■ **Stored data entries**
================================

definition rank :: "'m::ab_group_add set \<Rightarrow> 'x set \<Rightarrow> ('x \<Rightarrow> 'x) \<Rightarrow> ('x \<Rightarrow> 'x) \<Rightarrow> ('x \<Rightarrow> 'm)
    \<Rightarrow> ('x \<Rightarrow> int) \<Rightarrow> int" where
  "rank M X r i l D = (GREATEST k::int. \<forall>F\<in>divisors X r. (\<forall>v. 0 \<le> F v) \<and> deg X r F = k \<longrightarrow>
       lin_system M X r i l (\<lambda>v. D v - F v) \<noteq> {})"

definition contr_gen :: "'x set \<Rightarrow> ('x \<Rightarrow> 'x) \<Rightarrow> ('x \<Rightarrow> 'x) \<Rightarrow> ('x \<Rightarrow> 'm) \<Rightarrow> ('m \<Rightarrow> 'n::zero)
    \<Rightarrow> ('x \<times> 'x) set" where
  "contr_gen X r i l f = {(e, y) | e y. e \<in> halfedges X r \<and> f (l e) = 0 \<and> y \<in> {r e, i e, r (i e)}}"

definition contr_rel :: "'x set \<Rightarrow> ('x \<Rightarrow> 'x) \<Rightarrow> ('x \<Rightarrow> 'x) \<Rightarrow> ('x \<Rightarrow> 'm) \<Rightarrow> ('m \<Rightarrow> 'n::zero)
    \<Rightarrow> ('x \<times> 'x) set" where
  "contr_rel X r i l f = (contr_gen X r i l f \<union> (contr_gen X r i l f)\<inverse>)\<^sup>* \<inter> (X \<times> X)"

definition contr_X :: "'x set \<Rightarrow> ('x \<Rightarrow> 'x) \<Rightarrow> ('x \<Rightarrow> 'x) \<Rightarrow> ('x \<Rightarrow> 'm) \<Rightarrow> ('m \<Rightarrow> 'n::zero)
    \<Rightarrow> 'x set set" where
  "contr_X X r i l f = X // contr_rel X r i l f"

definition contr_r :: "'x set \<Rightarrow> ('x \<Rightarrow> 'x) \<Rightarrow> ('x \<Rightarrow> 'x) \<Rightarrow> ('x \<Rightarrow> 'm) \<Rightarrow> ('m \<Rightarrow> 'n::zero)
    \<Rightarrow> 'x set \<Rightarrow> 'x set" where
  "contr_r X r i l f C = contr_rel X r i l f `` (r ` C)"

definition contr_i :: "'x set \<Rightarrow> ('x \<Rightarrow> 'x) \<Rightarrow> ('x \<Rightarrow> 'x) \<Rightarrow> ('x \<Rightarrow> 'm) \<Rightarrow> ('m \<Rightarrow> 'n::zero)
    \<Rightarrow> 'x set \<Rightarrow> 'x set" where
  "contr_i X r i l f C = contr_rel X r i l f `` (i ` C)"

definition contr_l :: "('x \<Rightarrow> 'm) \<Rightarrow> ('m \<Rightarrow> 'n) \<Rightarrow> 'x set \<Rightarrow> 'n" where
  "contr_l l f C = f (l (SOME x. x \<in> C))"

definition contr_map :: "'x set \<Rightarrow> ('x \<Rightarrow> 'x) \<Rightarrow> ('x \<Rightarrow> 'x) \<Rightarrow> ('x \<Rightarrow> 'm) \<Rightarrow> ('m \<Rightarrow> 'n::zero)
    \<Rightarrow> 'x \<Rightarrow> 'x set" where
  "contr_map X r i l f x = contr_rel X r i l f `` {x}"

definition push_div :: "'x set \<Rightarrow> ('x \<Rightarrow> 'x) \<Rightarrow> ('x \<Rightarrow> 'x) \<Rightarrow> ('x \<Rightarrow> 'm) \<Rightarrow> ('m \<Rightarrow> 'n::zero)
    \<Rightarrow> ('x \<Rightarrow> int) \<Rightarrow> ('x set \<Rightarrow> int)" where
  "push_div X r i l f D = (\<lambda>C. if C \<in> verts (contr_X X r i l f) (contr_r X r i l f)
      then (\<Sum>v\<in>{v \<in> verts X r. contr_map X r i l f v = C}. D v) else 0)"

end

theory Submission
  imports Defs "HOL-Library.Disjoint_Sets"
begin

text \<open>A monoid homomorphism f extends additively to the groupifications, and a piecewise linear
  function g on \<Gamma> induces one on \<Gamma>': since g changes by a multiple of l(e) along e, its image
  under f is constant on every contracted edge and hence on every fibre of \<phi>. Slopes along
  surviving edges are unchanged, while along contracted edges the two half-edges cancel, so
  f_* commutes with the Laplacian. Since f_* also preserves degrees and every effective divisor
  on \<Gamma>' lifts to an effective divisor on \<Gamma>, each degree k witnessing r(D) \<ge> k also witnesses
  r(f_* D) \<ge> k.\<close>

lemma zsmul_0 [simp]: "zsmul 0 m = 0"
  by (simp add: zsmul_def)

lemma zsmul_succ: "zsmul (k + 1) m = zsmul k m + m"
proof (cases "k \<ge> 0")
  case True
  then have "nat (k + 1) = Suc (nat k)" by simp
  with True show ?thesis by (simp add: zsmul_def add.commute)
next
  case False
  show ?thesis
  proof (cases "k = -1")
    case True then show ?thesis by (simp add: zsmul_def)
  next
    case _: False
    with \<open>\<not> k \<ge> 0\<close> have "nat (- k) = Suc (nat (- (k + 1)))" "\<not> 0 \<le> k + 1" by auto
    with \<open>\<not> k \<ge> 0\<close> show ?thesis by (simp add: zsmul_def algebra_simps)
  qed
qed

lemma zsmul_pred: "zsmul (k - 1) m = zsmul k m - m"
  using zsmul_succ[of "k - 1" m] by (simp add: algebra_simps)

lemma zsmul_add: "zsmul (k + j) m = zsmul k m + zsmul j m"
proof (induction j rule: int_induct[where k = 0])
  case base then show ?case by simp
next
  case (step1 j) then show ?case
    using zsmul_succ[of "k + j" m] zsmul_succ[of j m] by (simp add: algebra_simps)
next
  case (step2 j)
  have "zsmul (k + (j - 1)) m = zsmul (k + j) m - m"
    using zsmul_pred[of "k + j" m] by (simp add: algebra_simps)
  with step2 show ?case by (simp add: zsmul_pred algebra_simps)
qed

lemma zsmul_uminus: "zsmul (- k) m = - zsmul k m"
  using zsmul_add[of "- k" k m] by (simp add: eq_neg_iff_add_eq_0)

lemma zsmul_diff: "zsmul (k - j) m = zsmul k m - zsmul j m"
  using zsmul_add[of k "- j" m] zsmul_uminus[of j m] by simp

lemma zsmul_zero_right [simp]: "zsmul k (0 :: 'a::ab_group_add) = 0"
proof -
  have "(((+) (0 :: 'a)) ^^ n) 0 = 0" for n by (induction n) auto
  then show ?thesis by (simp add: zsmul_def)
qed

section \<open>Submonoids of abelian groups and their groupifications\<close>

definition submonoid :: "'a::ab_group_add set \<Rightarrow> bool" where
  "submonoid M \<longleftrightarrow> 0 \<in> M \<and> (\<forall>a\<in>M. \<forall>b\<in>M. a + b \<in> M)"

lemma sharp_monoid_imp_submonoid: "sharp_monoid M \<Longrightarrow> submonoid M"
  by (simp add: sharp_monoid_def submonoid_def)

lemma submonoid_add: "submonoid M \<Longrightarrow> a \<in> M \<Longrightarrow> b \<in> M \<Longrightarrow> a + b \<in> M"
  by (simp add: submonoid_def)
(* For any $a\in\{1,\dots,2m\}$, $$\sum_{b=1}^{2m}\Big\{|\det\Gamma|^{1/2}(\Gamma^{-1})_{a,b},\,\Xi_b\Big\}=0,$$ on any open set where $\Gamma$ is invertible.
   Context: $\Xi=(\Xi_1,\dots,\Xi_{2m}):\mathbb{R}^{6N}\to\mathbb{R}^{2m}$ denotes the generalized constraints, either $\Xi(q,p)=(\xi(q),v_\xi(q,p))$ or $\Xi(q,p)=(\xi(q),p_\xi(q,p))$, where $\xi:\mathbb{R}^{3N}\to\mathbb{R}^m$ is smooth, $M$ is a constant symmetric positive definite matrix, $v_\xi=\nabla\xi^TM^{-1}p$, $G_M=\nabla\xi^TM^{-1}\nabla\xi$ (invertible) and $p_\xi=G_M^{-1}v_\xi$. $J=\begin{pmatrix}0&\mathrm{Id}_{3N}\\-\mathrm{Id}_{3N}&0\end{pmatrix}$; for scalar smooth $f,g$ on $\mathbb{R}^{6N}$, $\{f,g\}=\nabla f^TJ\nabla g$, and $\Gamma=(\{\Xi_a,\Xi_b\})_{a,b}=\nabla\Xi^TJ\nabla\Xi\in\mathbb{R}^{2m\times2m}$. *)

theory Defs
  imports "HOL-Analysis.Analysis"
begin

definition dd :: "('a::real_normed_vector \<Rightarrow> real) \<Rightarrow> 'a \<Rightarrow> 'a \<Rightarrow> real" where
  "dd f v x = frechet_derivative f (at x) v"

fun Ck :: "nat \<Rightarrow> ('a::real_normed_vector \<Rightarrow> real) \<Rightarrow> bool" where
  "Ck 0 f = continuous_on UNIV f"
| "Ck (Suc k) f = ((\<forall>x. f differentiable (at x)) \<and> (\<forall>v. Ck k (\<lambda>x. dd f v x)))"

definition smooth_fun :: "('a::real_normed_vector \<Rightarrow> real) \<Rightarrow> bool" where
  "smooth_fun f = (\<forall>k. Ck k f)"

definition poisson ::
  "((real^'n) \<times> (real^'n) \<Rightarrow> real) \<Rightarrow> ((real^'n) \<times> (real^'n) \<Rightarrow> real) \<Rightarrow> (real^'n) \<times> (real^'n) \<Rightarrow> real" where
  "poisson f g z = (\<Sum>i\<in>UNIV.
      dd f (axis i 1, 0) z * dd g (0, axis i 1) z - dd f (0, axis i 1) z * dd g (axis i 1, 0) z)"

definition grad_xi :: "(real^'n \<Rightarrow> real^'m) \<Rightarrow> 'm \<Rightarrow> real^'n \<Rightarrow> real^'n" where
  "grad_xi \<xi> j q = (\<chi> i. dd (\<lambda>y. \<xi> y $ j) (axis i 1) q)"

definition v_xi :: "(real^'n \<Rightarrow> real^'m) \<Rightarrow> real^'n^'n \<Rightarrow> real^'n \<Rightarrow> real^'n \<Rightarrow> real^'m" where
  "v_xi \<xi> M q p = (\<chi> j. grad_xi \<xi> j q \<bullet> (matrix_inv M *v p))"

================================

■ **THE TASK**
Every line in the data that holds "poisson" should be copied out.

■ **RESULT OF THE TASK**
definition poisson ::
  "poisson f g z = (\<Sum>i\<in>UNIV.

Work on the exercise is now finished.